-------- Given information

lemma contract_wedge_expansion:
  fixes a :: "nat \<Rightarrow> 'a::field"
  shows "\<exists>S e. S \<subseteq> {..<k} \<and> card S \<le> k - 1 \<and> (\<forall>p<k. \<forall>q<k. \<forall>x<k.
           contract_wedge a p q x = (\<Sum>y\<in>S. contract_wedge a p q y * e y x))"
proof (cases "\<exists>m<k. a m \<noteq> 0")
  case True
  then obtain m where "m < k" "a m \<noteq> 0" by blast
  then show ?thesis
    using expansion_in_hyperplane[OF _ _ sum_mult_contract_wedge]
    by (intro exI[of _ "{..<k} - {m}"]
        exI[of _ "\<lambda>y x. (if x = y then 1 else 0) - (if x = m then a y / a m else 0)"]) auto
next
  case False
  then show ?thesis
    by (intro exI[of _ "{}"]) (simp add: contract_wedge_def)
qed

lemma contract_wedge_expansions:
  fixes a :: "'l \<Rightarrow> nat \<Rightarrow> 'a::field"
  shows "\<exists>S e. \<forall>l. S l \<subseteq> {..<k} \<and> card (S l) \<le> k - 1 \<and> (\<forall>p<k. \<forall>q<k. \<forall>x<k.
           contract_wedge (a l) p q x = (\<Sum>y\<in>S l. contract_wedge (a l) p q y * e l y x))"
proof -
  have "\<forall>l. \<exists>S e. S \<subseteq> {..<k} \<and> card S \<le> k - 1 \<and> (\<forall>p<k. \<forall>q<k. \<forall>x<k.
      contract_wedge (a l) p q x = (\<Sum>y\<in>S. contract_wedge (a l) p q y * e y x))"
    by (intro allI contract_wedge_expansion)
  then obtain S where "\<forall>l. \<exists>e. S l \<subseteq> {..<k} \<and> card (S l) \<le> k - 1 \<and> (\<forall>p<k. \<forall>q<k. \<forall>x<k.
      contract_wedge (a l) p q x = (\<Sum>y\<in>S l. contract_wedge (a l) p q y * e y x))"
    by (auto dest: choice)
  from choice[OF this] show ?thesis
    by blast
qed

fun koszul_flattening :: "(nat \<Rightarrow> nat \<Rightarrow> nat \<times> nat \<Rightarrow> 'a::ab_group_add)
    \<Rightarrow> nat \<times> nat \<times> nat \<Rightarrow> nat \<times> nat \<times> nat \<Rightarrow> 'a" where
  "koszul_flattening X (j, p, q) (x, \<beta>) = (if x = q then X p j \<beta> else 0) - (if x = p then X q j \<beta> else 0)"

lemma koszul_flattening_rank_one_sum:
  "koszul_flattening (rank_one_sum r a b c) (j, p, q) (x, \<beta>)
     = (\<Sum>l<r. b l j * contract_wedge (a l) p q x * c l \<beta>)"
proof -
  have "b l j * contract_wedge (a l) p q x * c l \<beta>
      = (if x = q then a l p * b l j * c l \<beta> else 0) - (if x = p then a l q * b l j * c l \<beta> else 0)" for l
    by (simp add: contract_wedge_def algebra_simps)
  then show ?thesis
    by (simp add: rank_one_sum_def sum_subtractf)
qed

definition koszul_matrix :: "(nat \<Rightarrow> nat \<times> nat \<times> nat) \<Rightarrow> nat
    \<Rightarrow> (nat \<Rightarrow> nat \<Rightarrow> nat \<times> nat \<Rightarrow> 'a::ab_group_add) \<Rightarrow> 'a mat" where
  "koszul_matrix h n X = mat n n (\<lambda>(i, i'). koszul_flattening X (h i) (h i'))"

----------------

Work required => Your task is to reproduce all the records above exactly as they appear.

Task output =>
lemma contract_wedge_expansion:
  fixes a :: "nat \<Rightarrow> 'a::field"
  shows "\<exists>S e. S \<subseteq> {..<k} \<and> card S \<le> k - 1 \<and> (\<forall>p<k. \<forall>q<k. \<forall>x<k.
           contract_wedge a p q x = (\<Sum>y\<in>S. contract_wedge a p q y * e y x))"
proof (cases "\<exists>m<k. a m \<noteq> 0")
  case True
  then obtain m where "m < k" "a m \<noteq> 0" by blast
  then show ?thesis
    using expansion_in_hyperplane[OF _ _ sum_mult_contract_wedge]
    by (intro exI[of _ "{..<k} - {m}"]
        exI[of _ "\<lambda>y x. (if x = y then 1 else 0) - (if x = m then a y / a m else 0)"]) auto
next
  case False
  then show ?thesis
    by (intro exI[of _ "{}"]) (simp add: contract_wedge_def)
qed

lemma contract_wedge_expansions:
  fixes a :: "'l \<Rightarrow> nat \<Rightarrow> 'a::field"
  shows "\<exists>S e. \<forall>l. S l \<subseteq> {..<k} \<and> card (S l) \<le> k - 1 \<and> (\<forall>p<k. \<forall>q<k. \<forall>x<k.
           contract_wedge (a l) p q x = (\<Sum>y\<in>S l. contract_wedge (a l) p q y * e l y x))"
proof -
  have "\<forall>l. \<exists>S e. S \<subseteq> {..<k} \<and> card S \<le> k - 1 \<and> (\<forall>p<k. \<forall>q<k. \<forall>x<k.
      contract_wedge (a l) p q x = (\<Sum>y\<in>S. contract_wedge (a l) p q y * e y x))"
    by (intro allI contract_wedge_expansion)
  then obtain S where "\<forall>l. \<exists>e. S l \<subseteq> {..<k} \<and> card (S l) \<le> k - 1 \<and> (\<forall>p<k. \<forall>q<k. \<forall>x<k.
      contract_wedge (a l) p q x = (\<Sum>y\<in>S l. contract_wedge (a l) p q y * e y x))"
    by (auto dest: choice)
  from choice[OF this] show ?thesis
    by blast
qed

fun koszul_flattening :: "(nat \<Rightarrow> nat \<Rightarrow> nat \<times> nat \<Rightarrow> 'a::ab_group_add)
    \<Rightarrow> nat \<times> nat \<times> nat \<Rightarrow> nat \<times> nat \<times> nat \<Rightarrow> 'a" where
  "koszul_flattening X (j, p, q) (x, \<beta>) = (if x = q then X p j \<beta> else 0) - (if x = p then X q j \<beta> else 0)"

lemma koszul_flattening_rank_one_sum:
  "koszul_flattening (rank_one_sum r a b c) (j, p, q) (x, \<beta>)
     = (\<Sum>l<r. b l j * contract_wedge (a l) p q x * c l \<beta>)"
proof -
  have "b l j * contract_wedge (a l) p q x * c l \<beta>
      = (if x = q then a l p * b l j * c l \<beta> else 0) - (if x = p then a l q * b l j * c l \<beta> else 0)" for l
    by (simp add: contract_wedge_def algebra_simps)
  then show ?thesis
    by (simp add: rank_one_sum_def sum_subtractf)
qed

definition koszul_matrix :: "(nat \<Rightarrow> nat \<times> nat \<times> nat) \<Rightarrow> nat
    \<Rightarrow> (nat \<Rightarrow> nat \<Rightarrow> nat \<times> nat \<Rightarrow> 'a::ab_group_add) \<Rightarrow> 'a mat" where
  "koszul_matrix h n X = mat n n (\<lambda>(i, i'). koszul_flattening X (h i) (h i'))"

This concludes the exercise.